WORK REQUEST -> Transcribe the full listing exactly.

######

section \<open>Logarithmic density of L_A\<close>

lemma tendsto_sum_truncated_has_sum:
  fixes g :: "nat \<Rightarrow> real \<Rightarrow> 'a :: {real_normed_algebra, banach}"
  assumes S: "(d has_sum S) A"
    and lim: "\<And>a. a \<in> A \<Longrightarrow> (g a \<longlongrightarrow> d a) at_top"
    and M: "M summable_on A"
    and bound: "\<forall>\<^sub>F x in at_top. \<forall>a\<in>A. norm (g a x) \<le> M a"
  shows "((\<lambda>x. \<Sum>a | a \<in> A \<and> real a \<le> x. g a x) \<longlongrightarrow> S) at_top"
proof -
  \<comment> \<open>Extending by zero reduces this to Tannery's theorem for series.\<close>
  define h where "h a x = (if a \<in> A \<and> real a \<le> x then g a x else 0)" for a x
  define d' where "d' a = (if a \<in> A then d a else 0)" for a
  define M' where "M' a = (if a \<in> A then M a else 0)" for a
  have "(h a \<longlongrightarrow> d' a) at_top" for a
  proof (cases "a \<in> A")
    case True
    have "\<forall>\<^sub>F x in at_top. g a x = h a x"
      using eventually_ge_at_top[of "real a"] by eventually_elim (simp add: h_def True)
    with lim[OF True] show ?thesis by (simp add: d'_def True Lim_transform_eventually)
  next
    case False
    then have "h a = (\<lambda>_. 0)" by (simp add: h_def fun_eq_iff)
    with False show ?thesis by (simp add: d'_def)
  qed
  moreover have "\<forall>\<^sub>F x in at_top. \<forall>a. norm (h a x) \<le> M' a"
    using bound by eventually_elim (auto simp: h_def M'_def intro: order.trans[OF norm_ge_zero])
  then have "\<forall>\<^sub>F (a, x) in sequentially \<times>\<^sub>F at_top. \<forall>a. norm (h a x) \<le> M' a"
    by (simp add: eventually_prod2)
  then have "\<forall>\<^sub>F (a, x) in sequentially \<times>\<^sub>F at_top. norm (h a x) \<le> M' a"
    by (rule eventually_mono) auto
  moreover have "summable M'"
    using M unfolding M'_def
    by (intro summable_on_imp_summable)
      (auto elim!: summable_on_cong_neutral[THEN iffD1, rotated -1])
  ultimately have "((\<lambda>x. \<Sum>a. h a x) \<longlongrightarrow> suminf d') at_top"
    using tannerys_theorem[of h d' at_top M'] by auto
  moreover have "(\<Sum>a. h a x) = (\<Sum>a | a \<in> A \<and> real a \<le> x. g a x)" for x
    using finite_nat_le_real[of "\<lambda>a. a \<in> A" x] by (subst suminf_finite) (auto simp: h_def)
  moreover have "(d' has_sum S) UNIV"
    using S by (subst has_sum_cong_neutral[where T = A and g = d]) (auto simp: d'_def)
  then have "suminf d' = S" by (metis has_sum_imp_sums sums_unique)
  ultimately show ?thesis by simp
qed

lemma partial_log_density_LsetA:
  assumes "finite F" "disjoint_family_on Lset F"
  shows "partial_log_density (LsetA F) x = (\<Sum>a\<in>F. partial_log_density (Lset a) x)"
proof -
  have "{n. n \<in> LsetA F \<and> real n \<le> x} = (\<Union>a\<in>F. {n. n \<in> Lset a \<and> real n \<le> x})"
    by (auto simp: LsetA_def)
  moreover have "(\<Sum>n\<in>(\<Union>a\<in>F. {n. n \<in> Lset a \<and> real n \<le> x}). 1 / real n)
      = (\<Sum>a\<in>F. \<Sum>n | n \<in> Lset a \<and> real n \<le> x. 1 / real n)"
    using assms finite_nat_le_real
    by (intro sum.UNION_disjoint) (auto simp: disjoint_family_on_def)
  ultimately show ?thesis by (simp add: partial_log_density_def sum_distrib_left)
qed

lemma partial_log_density_LsetA_truncate:
  "partial_log_density (LsetA A) x = partial_log_density (LsetA {a \<in> A. real a \<le> x}) x"
proof -
  have "real a \<le> x" if "n \<in> Lset a" "real n \<le> x" for a n
    using Lset_ge[OF that(1)] that(2) by (meson of_nat_le_iff order_trans)
  then have "{n. n \<in> LsetA A \<and> real n \<le> x} = {n. n \<in> LsetA {a \<in> A. real a \<le> x} \<and> real n \<le> x}"
    by (auto simp: LsetA_def)
  then show ?thesis by (simp add: partial_log_density_def)
qed

lemma sum_partial_log_density_Lset:
  assumes "disjoint_family_on Lset A"
  shows "(\<Sum>a | a \<in> A \<and> real a \<le> x. partial_log_density (Lset a) x)
    = partial_log_density (LsetA A) x"
proof -
  have "(\<Sum>a | a \<in> A \<and> real a \<le> x. partial_log_density (Lset a) x)
      = partial_log_density (LsetA {a \<in> A. real a \<le> x}) x"
    using finite_nat_le_real[of "\<lambda>a. a \<in> A" x] disjoint_family_on_mono[OF _ assms]
    by (intro partial_log_density_LsetA[symmetric]) auto
  also have "\<dots> = partial_log_density (LsetA A) x"
    by (rule partial_log_density_LsetA_truncate[symmetric])
  finally show ?thesis .
qed

lemma zero_notin_LsetA: "\<forall>a\<in>A. a > 0 \<Longrightarrow> 0 \<notin> LsetA A"
  by (auto simp: LsetA_def dest: Lset_ge)

lemma sum_dL_le_one:
  assumes F: "finite F" "\<forall>a\<in>F. a > 1" "disjoint_family_on Lset F"
  shows "sum dL F \<le> 1"
proof (rule tendsto_le[OF trivial_limit_at_top_linorder])
  show "((\<lambda>x. \<Sum>a\<in>F. partial_log_density (Lset a) x) \<longlongrightarrow> sum dL F) at_top"
    using F(2) by (intro tendsto_sum partial_log_density_Lset_tendsto) auto
  show "((\<lambda>x::real. 1 + 1 / ln x) \<longlongrightarrow> 1) at_top" by real_asymp
  have zero: "0 \<notin> LsetA F" using F(2) by (intro zero_notin_LsetA) force
  show "\<forall>\<^sub>F x in at_top. (\<Sum>a\<in>F. partial_log_density (Lset a) x) \<le> 1 + 1 / ln x"
    using eventually_gt_at_top[of 1] by eventually_elim
      (simp add: partial_log_density_le[OF zero] flip: partial_log_density_LsetA[OF F(1,3)])
qed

######

TASK ANSWER ->
section \<open>Logarithmic density of L_A\<close>

lemma tendsto_sum_truncated_has_sum:
  fixes g :: "nat \<Rightarrow> real \<Rightarrow> 'a :: {real_normed_algebra, banach}"
  assumes S: "(d has_sum S) A"
    and lim: "\<And>a. a \<in> A \<Longrightarrow> (g a \<longlongrightarrow> d a) at_top"
    and M: "M summable_on A"
    and bound: "\<forall>\<^sub>F x in at_top. \<forall>a\<in>A. norm (g a x) \<le> M a"
  shows "((\<lambda>x. \<Sum>a | a \<in> A \<and> real a \<le> x. g a x) \<longlongrightarrow> S) at_top"
proof -
  \<comment> \<open>Extending by zero reduces this to Tannery's theorem for series.\<close>
  define h where "h a x = (if a \<in> A \<and> real a \<le> x then g a x else 0)" for a x
  define d' where "d' a = (if a \<in> A then d a else 0)" for a
  define M' where "M' a = (if a \<in> A then M a else 0)" for a
  have "(h a \<longlongrightarrow> d' a) at_top" for a
  proof (cases "a \<in> A")
    case True
    have "\<forall>\<^sub>F x in at_top. g a x = h a x"
      using eventually_ge_at_top[of "real a"] by eventually_elim (simp add: h_def True)
    with lim[OF True] show ?thesis by (simp add: d'_def True Lim_transform_eventually)
  next
    case False
    then have "h a = (\<lambda>_. 0)" by (simp add: h_def fun_eq_iff)
    with False show ?thesis by (simp add: d'_def)
  qed
  moreover have "\<forall>\<^sub>F x in at_top. \<forall>a. norm (h a x) \<le> M' a"
    using bound by eventually_elim (auto simp: h_def M'_def intro: order.trans[OF norm_ge_zero])
  then have "\<forall>\<^sub>F (a, x) in sequentially \<times>\<^sub>F at_top. \<forall>a. norm (h a x) \<le> M' a"
    by (simp add: eventually_prod2)
  then have "\<forall>\<^sub>F (a, x) in sequentially \<times>\<^sub>F at_top. norm (h a x) \<le> M' a"
    by (rule eventually_mono) auto
  moreover have "summable M'"
    using M unfolding M'_def
    by (intro summable_on_imp_summable)
      (auto elim!: summable_on_cong_neutral[THEN iffD1, rotated -1])
  ultimately have "((\<lambda>x. \<Sum>a. h a x) \<longlongrightarrow> suminf d') at_top"
    using tannerys_theorem[of h d' at_top M'] by auto
  moreover have "(\<Sum>a. h a x) = (\<Sum>a | a \<in> A \<and> real a \<le> x. g a x)" for x
    using finite_nat_le_real[of "\<lambda>a. a \<in> A" x] by (subst suminf_finite) (auto simp: h_def)
  moreover have "(d' has_sum S) UNIV"
    using S by (subst has_sum_cong_neutral[where T = A and g = d]) (auto simp: d'_def)
  then have "suminf d' = S" by (metis has_sum_imp_sums sums_unique)
  ultimately show ?thesis by simp
qed

lemma partial_log_density_LsetA:
  assumes "finite F" "disjoint_family_on Lset F"
  shows "partial_log_density (LsetA F) x = (\<Sum>a\<in>F. partial_log_density (Lset a) x)"
proof -
  have "{n. n \<in> LsetA F \<and> real n \<le> x} = (\<Union>a\<in>F. {n. n \<in> Lset a \<and> real n \<le> x})"
    by (auto simp: LsetA_def)
  moreover have "(\<Sum>n\<in>(\<Union>a\<in>F. {n. n \<in> Lset a \<and> real n \<le> x}). 1 / real n)
      = (\<Sum>a\<in>F. \<Sum>n | n \<in> Lset a \<and> real n \<le> x. 1 / real n)"
    using assms finite_nat_le_real
    by (intro sum.UNION_disjoint) (auto simp: disjoint_family_on_def)
  ultimately show ?thesis by (simp add: partial_log_density_def sum_distrib_left)
qed

lemma partial_log_density_LsetA_truncate:
  "partial_log_density (LsetA A) x = partial_log_density (LsetA {a \<in> A. real a \<le> x}) x"
proof -
  have "real a \<le> x" if "n \<in> Lset a" "real n \<le> x" for a n
    using Lset_ge[OF that(1)] that(2) by (meson of_nat_le_iff order_trans)
  then have "{n. n \<in> LsetA A \<and> real n \<le> x} = {n. n \<in> LsetA {a \<in> A. real a \<le> x} \<and> real n \<le> x}"
    by (auto simp: LsetA_def)
  then show ?thesis by (simp add: partial_log_density_def)
qed

lemma sum_partial_log_density_Lset:
  assumes "disjoint_family_on Lset A"
  shows "(\<Sum>a | a \<in> A \<and> real a \<le> x. partial_log_density (Lset a) x)
    = partial_log_density (LsetA A) x"
proof -
  have "(\<Sum>a | a \<in> A \<and> real a \<le> x. partial_log_density (Lset a) x)
      = partial_log_density (LsetA {a \<in> A. real a \<le> x}) x"
    using finite_nat_le_real[of "\<lambda>a. a \<in> A" x] disjoint_family_on_mono[OF _ assms]
    by (intro partial_log_density_LsetA[symmetric]) auto
  also have "\<dots> = partial_log_density (LsetA A) x"
    by (rule partial_log_density_LsetA_truncate[symmetric])
  finally show ?thesis .
qed

lemma zero_notin_LsetA: "\<forall>a\<in>A. a > 0 \<Longrightarrow> 0 \<notin> LsetA A"
  by (auto simp: LsetA_def dest: Lset_ge)

lemma sum_dL_le_one:
  assumes F: "finite F" "\<forall>a\<in>F. a > 1" "disjoint_family_on Lset F"
  shows "sum dL F \<le> 1"
proof (rule tendsto_le[OF trivial_limit_at_top_linorder])
  show "((\<lambda>x. \<Sum>a\<in>F. partial_log_density (Lset a) x) \<longlongrightarrow> sum dL F) at_top"
    using F(2) by (intro tendsto_sum partial_log_density_Lset_tendsto) auto
  show "((\<lambda>x::real. 1 + 1 / ln x) \<longlongrightarrow> 1) at_top" by real_asymp
  have zero: "0 \<notin> LsetA F" using F(2) by (intro zero_notin_LsetA) force
  show "\<forall>\<^sub>F x in at_top. (\<Sum>a\<in>F. partial_log_density (Lset a) x) \<le> 1 + 1 / ln x"
    using eventually_gt_at_top[of 1] by eventually_elim
      (simp add: partial_log_density_le[OF zero] flip: partial_log_density_LsetA[OF F(1,3)])
qed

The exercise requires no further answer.